Graceful degradation without silent failure: When persistent Secure Enclave storage becomes unavailable, mode strings surface to callers — no silent downgrades to session-only modes or automatic software fallbacks.
Versioned storage formats: Keychain prefixes (derived_hex:v1:), replay cache keys (fishnet-bridge-replay-v1|), and intent hash prefixes (fishnet-bridge-approval-v1|) include version identifiers enabling future format migrations without parsing ambiguity.
Boundary validation: Rust’s u64 values face rejection before signing when exceeding Solidity’s uint48 maximums.
What I’d Do Differently
The secp256k1 hex file remains the weakest link. Production deployments should move to HSM, KMS, or OS-managed key stores appropriate to deployment targets. Portability motivated the hex file choice, but this represents acknowledged architectural debt.

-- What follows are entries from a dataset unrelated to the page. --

lemma amply_equivalent_sym:
  assumes "amply_equivalent \<Sigma>1 \<Sigma>2 \<Psi>"
  shows "amply_equivalent \<Sigma>2 \<Sigma>1 (inv_into (rays \<Sigma>1) \<Psi>)"
proof -
  define \<Phi> where "\<Phi> = inv_into (rays \<Sigma>1) \<Psi>"
  note fans = amply_equivalentD(3,4)[OF assms]
  note bij = amply_equivalentD(5)[OF assms]
  note pc = amply_equivalentD(6)[OF assms]
  note rel = amply_equivalentD(7)[OF assms]
  have bij': "bij_betw \<Phi> (rays \<Sigma>2) (rays \<Sigma>1)"
    unfolding \<Phi>_def using bij by (rule bij_betw_inv_into)
  have \<Phi>_\<Psi>: "\<Phi> (\<Psi> \<rho>) = \<rho>" if "\<rho> \<in> rays \<Sigma>1" for \<rho>
    using bij that unfolding \<Phi>_def bij_betw_def by simp
  have pc': "primitive_collection \<Sigma>2 C \<longleftrightarrow> primitive_collection \<Sigma>1 (\<Phi> ` C)"
    if "C \<subseteq> rays \<Sigma>2" for C
  proof -
    have "\<Phi> ` C \<subseteq> rays \<Sigma>1"
      using bij' that bij_betw_imp_surj_on by blast
    moreover have "\<Psi> ` \<Phi> ` C = C"
      unfolding \<Phi>_def using bij that by (intro image_inv_into_cancel) (auto simp: bij_betw_def)
    ultimately show ?thesis
      using pc[of "\<Phi> ` C"] by simp
  qed
  have rel': "(\<Sum>\<tau>\<in>rays \<Sigma>2. of_int (a \<tau>) *\<^sub>R prim_gen \<tau>) = 0 \<longleftrightarrow>
                (\<Sum>\<tau>\<in>rays \<Sigma>2. of_int (a \<tau>) *\<^sub>R prim_gen (\<Phi> \<tau>)) = 0" for a
  proof -
    have lhs: "(\<Sum>\<tau>\<in>rays \<Sigma>2. of_int (a \<tau>) *\<^sub>R prim_gen \<tau>)
        = (\<Sum>\<rho>\<in>rays \<Sigma>1. of_int (a (\<Psi> \<rho>)) *\<^sub>R prim_gen (\<Psi> \<rho>))"
      by (rule sum.reindex_bij_betw[OF bij, symmetric])
    have "(\<Sum>\<tau>\<in>rays \<Sigma>2. of_int (a \<tau>) *\<^sub>R prim_gen (\<Phi> \<tau>))
        = (\<Sum>\<rho>\<in>rays \<Sigma>1. of_int (a (\<Psi> \<rho>)) *\<^sub>R prim_gen (\<Phi> (\<Psi> \<rho>)))"
      by (rule sum.reindex_bij_betw[OF bij, symmetric])
    also have "\<dots> = (\<Sum>\<rho>\<in>rays \<Sigma>1. of_int (a (\<Psi> \<rho>)) *\<^sub>R prim_gen \<rho>)"
      using \<Phi>_\<Psi> by (intro sum.cong) simp_all
    finally show ?thesis
      using rel[of "a \<circ> \<Psi>"] lhs by simp
  qed
  show ?thesis
    unfolding amply_equivalent_def \<Phi>_def[symmetric]
    using fans bij' pc' rel' by simp
qed

lemma amply_equivalent_cone_rays_image:
  assumes ae: "amply_equivalent \<Sigma>1 \<Sigma>2 \<Psi>" and \<sigma>: "\<sigma> \<in> \<Sigma>1"
  shows "\<exists>\<tau>\<in>\<Sigma>2. \<Psi> ` cone_rays \<Sigma>1 \<sigma> \<subseteq> cone_rays \<Sigma>2 \<tau>"
proof (rule ccontr)
  assume not_in_cone: "\<not> ?thesis"
  note fan2 = amply_equivalentD(2)[OF ae]
  note bij = amply_equivalentD(5)[OF ae]
  note pc = amply_equivalentD(6)[OF ae]
  have "\<Psi> ` cone_rays \<Sigma>1 \<sigma> \<subseteq> rays \<Sigma>2"
    using bij_betw_imp_surj_on[OF bij] unfolding cone_rays_def by blast
  moreover have "\<forall>\<tau>\<in>\<Sigma>2. \<not> \<Psi> ` cone_rays \<Sigma>1 \<sigma> \<subseteq> cone_rays \<Sigma>2 \<tau>"
    using not_in_cone by blast
  ultimately have "\<exists>D\<subseteq>\<Psi> ` cone_rays \<Sigma>1 \<sigma>. primitive_collection \<Sigma>2 D"
    by (rule exists_primitive_collection_subset[OF fan2])
  then obtain D where D: "D \<subseteq> \<Psi> ` cone_rays \<Sigma>1 \<sigma>" "primitive_collection \<Sigma>2 D"
    by blast
  define C where "C = {\<rho>\<in>cone_rays \<Sigma>1 \<sigma>. \<Psi> \<rho> \<in> D}"
  have "C \<subseteq> rays \<Sigma>1"
    unfolding C_def cone_rays_def by blast
  moreover have "\<Psi> ` C = D"
    using D(1) unfolding C_def by auto
  ultimately have "primitive_collection \<Sigma>1 C"
    using pc D(2) by simp
  moreover have "C \<subseteq> cone_rays \<Sigma>1 \<sigma>"
    unfolding C_def by blast
  ultimately show False
    using primitive_collection_not_in_cone \<sigma> by blast
qed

The replay cache exists in-memory only. Process restarts clear it, allowing permit replay across restart boundaries. While on-chain nonces provide final protection in Fishnet’s current use case, persistent replay stores would enhance robustness.
The goal is always to minimize what any single compromise can reach. When you can’t give your control plane zero secrets, the next best thing is ensuring each secret only unlocks one blast radius.